lemma poly_adj_predecessor:
  assumes "u \<in> hex_vertices n" "x \<in> hex_vertices n" "x \<noteq> u" "attachments_in_range n c t"
  obtains y where "y \<in> hex_vertices n" "poly_adj n c t y x"
    "chain_dist 1 c t u y + 1 = chain_dist 1 c t u x"
proof -
  obtain k i l j where u: "u = (k, i)" and x: "x = (l, j)" by fastforce
  have bounds: "k < n" "i < 6" "l < n" "j < 6" using assms(1,2) unfolding u x hex_vertices_def by auto
  txt \<open>Within H_l the distance from u is the hexagon distance from the vertex e through
    which shortest paths from u enter H_l, plus a constant.\<close>
  define e where "e = (if k < l then c l else if l < k then t (Suc l) else i)"
  have "e < 6" using assms(4) bounds by (auto simp: e_def attachments_in_range_def)
  have along: "chain_dist 1 c t u (l, j') = chain_dist 1 c t u (l, e) + hex_dist e j'" for j'
    by (auto simp: e_def u hex_dist_sym)
  show ?thesis
  proof (cases "j = e")
    case False
    then obtain j' where "j' < 6" "cyc_adj j' j" "hex_dist e j' + 1 = hex_dist e j"
      using hex_dist_predecessor[OF \<open>e < 6\<close> \<open>j < 6\<close>] by metis
    then show ?thesis
      using that[of "(l, j')"] along[of j'] along[of j] bounds
      by (simp add: x hex_vertices_def poly_adj_def hex_adj_iff)
  next
    case True
    consider "k < l" | "l < k" using assms(3) True u x e_def by fastforce
    then show ?thesis
    proof cases
      case 1
      then obtain m where m: "l = Suc m" by (cases l) auto
      have "t l < 6" using assms(4) bounds m by (simp add: attachments_in_range_def)
      moreover have "cut_adj n c t (m, t l) x"
        unfolding cut_adj_def using 1 True bounds m by (auto simp: x e_def)
      ultimately show ?thesis
        using that[of "(m, t l)"] 1 True m chain_dist_cut_edge_right[of k m 1 c t i] bounds
        by (simp add: x u e_def hex_vertices_def poly_adj_def)
    next
      case 2
      have "c (Suc l) < 6" using assms(4) bounds 2 by (simp add: attachments_in_range_def)
      moreover have "cut_adj n c t (Suc l, c (Suc l)) x"
        unfolding cut_adj_def using 2 True bounds by (auto simp: x e_def intro!: exI[of _ "Suc l"])
      ultimately show ?thesis
        using that[of "(Suc l, c (Suc l))"] 2 True chain_dist_cut_edge_left[of l k 1 c t i] bounds
        by (simp add: x u e_def hex_vertices_def poly_adj_def)
    qed
  qed
qed

lemma gdist_poly_adj:
  assumes "attachments_in_range n c t" "u \<in> hex_vertices n" "v \<in> hex_vertices n"
  shows "gdist (poly_adj n c t) u v = chain_dist 1 c t u v"
proof (rule gdist_eqI[where V = "hex_vertices n"])
  show "chain_dist 1 c t u y \<le> chain_dist 1 c t u x + 1" if "poly_adj n c t x y" for x y
    using chain_dist_poly_adj_le[OF that assms(2,1)] .
  show "\<exists>y\<in>hex_vertices n. poly_adj n c t y x \<and> chain_dist 1 c t u y + 1 = chain_dist 1 c t u x"
    if "x \<in> hex_vertices n" "x \<noteq> u" for x
    using poly_adj_predecessor[OF assms(2) that assms(1)] by blast
qed (use assms in simp_all)

lemma polyphenyl_chain_attachments_in_range: "polyphenyl_chain n c t \<Longrightarrow> attachments_in_range n c t"
  by (simp add: polyphenyl_chain_def attachments_in_range_def)

definition reduced_vertices :: "nat \<Rightarrow> (nat \<Rightarrow> nat) \<Rightarrow> (nat \<times> nat) set" where
  "reduced_vertices n c = {(k, i). k < n \<and> i < 6 \<and> (k = 0 \<or> i \<noteq> c k)}"

lemma reduced_vertices_fixed:
  "v \<in> reduced_vertices n c \<Longrightarrow> v \<in> hex_vertices n \<and> squeeze_map n c t v = v"
  by (auto simp: reduced_vertices_def hex_vertices_def squeeze_map_def)

text \<open>Here the hypothesis t_k \<noteq> c_(k-1) is needed: it prevents a contracted vertex from
  being contracted a second time.\<close>
lemma squeeze_vertices_eq:
  assumes "polyphenyl_chain n c t"
  shows "squeeze_vertices n c t = reduced_vertices n c"
proof
  show "squeeze_vertices n c t \<subseteq> reduced_vertices n c"
    using assms unfolding squeeze_vertices_def
    by (force simp: polyphenyl_chain_def squeeze_map_def hex_vertices_def reduced_vertices_def le_diff_conv2)
  show "reduced_vertices n c \<subseteq> squeeze_vertices n c t"
    unfolding squeeze_vertices_def using reduced_vertices_fixed by (metis image_eqI subsetI)
qed

lemma cut_adj_squeeze_map_eq:
  "polyphenyl_chain n c t \<Longrightarrow> cut_adj n c t y x \<Longrightarrow> squeeze_map n c t y = squeeze_map n c t x"
  by (auto simp: polyphenyl_chain_def squeeze_map_def cut_adj_def le_diff_conv2)

lemma chain_dist_squeeze_map: "chain_dist 0 c t u (squeeze_map n c t a) = chain_dist 0 c t u a"
proof -
  obtain k i m j where u: "u = (k, i)" and a: "a = (m, j)" by fastforce
  show ?thesis
  proof (cases "1 \<le> m \<and> m < n \<and> j = c m")
    case True
    then obtain m' where "m = Suc m'" by (cases m) auto
    then show ?thesis
      using chain_dist_cut_edge_right[of k m' 0 c t i] chain_dist_cut_edge_left[of m' k 0 c t i] True u a
      by (cases "k < m") (auto simp: squeeze_map_def)
  next
    case False
    then show ?thesis by (auto simp: squeeze_map_def a)
  qed
qed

==================================================

In the material above, each line with the word "metis" should be copied.

RESPONSE TO THIS EXERCISE:
      using hex_dist_predecessor[OF \<open>e < 6\<close> \<open>j < 6\<close>] by metis
    unfolding squeeze_vertices_def using reduced_vertices_fixed by (metis image_eqI subsetI)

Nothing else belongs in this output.